Search code examples
snakemake

Snakemake always rebuilds targets, even when up to date


I'm new to snakemake and running into some behavior I don't understand. I have a set of fastq files with file names following the standard Illumina convention:

SAMPLENAME_SAMPLENUMBER_LANE_READ_001.fastq.gz

In a directory reads/raw_fastq. I'd like to create symbolic links to simplify the names to follow the pattern:

SAMPLENAME_READ.fastq.gz

In a directory reads/renamed_raw_fastq

My aim is that as I add new fastq files to the project, snakemake will create symlinks only for the newly-added files.

My snakefile is as follows:

# Get sample names from read file names in the "raw" directory

readRootDir = 'reads/'
readRawDir = readRootDir + 'raw_fastq/'

import os

samples = list(set([x.split('_', 1)[0] for x in os.listdir(readRawDir)]))
samples.sort()

# Generate simplified names

readRenamedRawDir = readRootDir + 'renamed_raw_fastq/'

newNames = expand(readRenamedRawDir + "{sample}_{read}.fastq.gz", sample = samples, read = ["R1", "R2"])

# Create symlinks

import glob

def getRawName(wildcards):
    rawName = glob.glob(readRawDir + wildcards.sample + "_*_" + wildcards.read + "_001.fastq.gz")[0]
    return rawName

rule all:
    input: newNames 

rule rename:
    input: getRawName
    output: "reads/renamed_raw_fastq/{sample}_{read}.fastq.gz"
    shell: "ln -sf {input} {output}"

When I run snakemake, it tries to generate the symlinks as expected but:

  1. Always tries to create the target symlinks, even when they already exist and have later timestamps than the source fastq files.

  2. Throws errors like:

MissingOutputException in line 68 of /work/nick/FAW-MIPs/renameRaw.snakefile:
Missing files after 5 seconds:
reads/renamed_raw_fastq/Ben21_R2.fastq.gz
This might be due to filesystem latency. If that is the case, consider to increase the wait time with --latency-wait.
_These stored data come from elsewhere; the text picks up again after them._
(* Let $G$ be a topological groupoid and $Z$ a topological space with a right action of $G$ (momentum map $p\colon Z\to G^{(0)}$). Consider: (i) $G$ acts properly on $Z$; (ii) $(r,s)\colon Z\rtimes G\to Z\times Z$, $(z,g)\mapsto(z,zg)$, is closed and for every $z\in Z$ the stabilizer $\{g\in G: p(z)=r(g), zg=z\}$ is quasi-compact; (iii) for all quasi-compact $K,L\subset Z$, $\{g\in G: Lg\cap K\neq\emptyset\}$ is quasi-compact; (iii)' for all compact $K,L\subset Z$, $\{g\in G: Lg\cap K\neq\emptyset\}$ is quasi-compact; (iv) for every quasi-compact $K\subset Z$, $\{g\in G: Kg\cap K\neq\emptyset\}$ is quasi-compact; (v) there is a family $(A_i)_{i\in I}$ of subsets of $Z$ with $Z=\bigcup_i\mathrm{int}(A_i)$ such that $\{g\in G: A_ig\cap A_j\neq\emptyset\}$ is relatively quasi-compact for all $i,j\in I$. Then (i)$\iff$(ii)$\implies$(iii)$\implies$(iii)' and (iii)$\implies$(iv). If $Z$ is locally compact, then (iii)'$\implies$(v) and (iv)$\implies$(v). If $G^{(0)}$ is Hausdorff and $Z$ is locally compact Hausdorff, then (i)–(v) are all equivalent.
   Context: Quasi-compact: every open cover has a finite subcover; compact: quasi-compact Hausdorff; locally compact: every point has a compact neighbourhood. A subset is relatively quasi-compact if contained in a quasi-compact subset. A continuous map is proper if closed with quasi-compact fibres; a groupoid is proper if $(r,s)$ onto unit space squared is proper. A right action: $zg$ defined when $p(z)=r(g)$, with $p(zg)=s(g)$. $Z\rtimes G=\{(z,g)\in Z\times G: p(z)=r(g)\}$ is a groupoid with unit space $Z$, range $(z,g)\mapsto z$, source $(z,g)\mapsto zg$. The action is proper if $Z\rtimes G$ is a proper groupoid. $Lg=\{zg: z\in L, p(z)=r(g)\}$. *)

theory Defs
  imports "HOL-Analysis.Analysis"
begin

text \<open>A topological groupoid: the arrows are the points of the topological space TG;
  the unit space is a subset U of the arrows (with the subspace topology);
  r, s are range and source, m is the (partial) multiplication, defined on pairs
  (g,h) with s g = r h, and i is the inversion.\<close>

definition composable_pairs :: "'g topology \<Rightarrow> ('g \<Rightarrow> 'g) \<Rightarrow> ('g \<Rightarrow> 'g) \<Rightarrow> ('g \<times> 'g) set" where
  "composable_pairs TG r s = {(g, h). g \<in> topspace TG \<and> h \<in> topspace TG \<and> s g = r h}"
lemma shift_at_pair_add:
  assumes "i \<noteq> k"
  shows "shift_at p (shift_at p (shift_at p (shift_at p x i a) k b) i c) k d
       = shift_at p (shift_at p x i (a + c)) k (b + d)"
  using assms by (metis shift_at_commute shift_at_shift_at)

lemma cong_add_complement:
  fixes a p :: nat
  assumes "0 < p"
  shows "[a + (p - a mod p) = 0] (mod p)"
proof -
  have "a + (p - a mod p) = p * (a div p) + p"
    using mult_div_mod_eq[of p a] mod_less_divisor[OF assms, of a] by linarith
  then show ?thesis
    by (simp add: cong_def)
qed

lemma prime_cong_solve:
  fixes u :: nat
  assumes "prime p" "\<not> [u = 0] (mod p)"
  obtains m where "[m * u = t] (mod p)"
proof -
  have "coprime u p"
    using assms prime_imp_coprime[of p u] by (simp add: cong_0_iff coprime_commute)
  then show ?thesis
    using cong_solve_dvd_nat[of u p t] that by (auto simp: mult.commute)
qed

lemma pattern_relD:
  assumes "pattern_rel A n rho i j" "a \<in> tuples A n" "bi \<in> A" "bj \<in> A"
    and "a[i := bi] \<in> rho" "a[j := bj] \<in> rho" "a[i := bi, j := bj] \<in> rho"
  shows "a \<in> rho"
  using assms unfolding pattern_rel_def by blast

lemma tuples_length: "x \<in> tuples A n \<Longrightarrow> length x = n"
  by (simp add: tuples_def)

lemma tuples_nth: "x \<in> tuples A n \<Longrightarrow> i < n \<Longrightarrow> x ! i \<in> A"
  unfolding tuples_def by auto

lemma cong_sum_list_second_difference:
  fixes x y :: "nat list"
  assumes x: "x \<in> tuples {0..<p} n" and y: "y \<in> tuples {0..<p} n"
    and sums: "[sum_list x = sum_list y] (mod p)" and i: "i < n" "x ! i \<noteq> y ! i"
  obtains k where "k < n" "k \<noteq> i" "x ! k \<noteq> y ! k"
proof (rule ccontr)
  assume "\<not> thesis"
  with that have "\<forall>k<n. k \<noteq> i \<longrightarrow> x ! k = y ! k" by blast
  then have "x = y[i := x ! i]"
    using x y i by (intro nth_equalityI) (auto simp: tuples_length nth_list_update)
  then have "sum_list x = sum_list (y[i := x ! i])"
    by (rule arg_cong)
  moreover have "sum_list (y[i := x ! i]) + y ! i = sum_list y + x ! i"
    using i y elem_le_sum_list[of i y] by (simp add: tuples_length sum_list_update)
  ultimately have "sum_list x + y ! i = sum_list y + x ! i"
    by simp
  with sums have "[x ! i = y ! i] (mod p)"
    by (metis cong_add_lcancel_nat cong_add_rcancel_nat add.commute)
  with tuples_nth[OF x i(1)] tuples_nth[OF y i(1)] i(2) show False
    by (simp add: cong_def)
qed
It's almost like snakemake isn't seeing the ouput files it creates. Can anyone suggest what I might be missing here?

Thanks!


Solution

  • I think

    ln -sf {input} {output}
    

    gives a symlink pointing to a missing file, i.e., it doesn't point to the source file. You could fix it by e.g. using absolute paths, like:

    def getRawName(wildcards):
        rawName = os.path.abspath(glob.glob(readRawDir + wildcards.sample + "_*_" + wildcards.read + "_001.fastq.gz")[0])
        return rawName
    

    (As an aside, I would make sure that renaming fastq files the way you do doesn't result in a name-collision, for example when the same sample is sequenced on different lanes of the same flow cell.)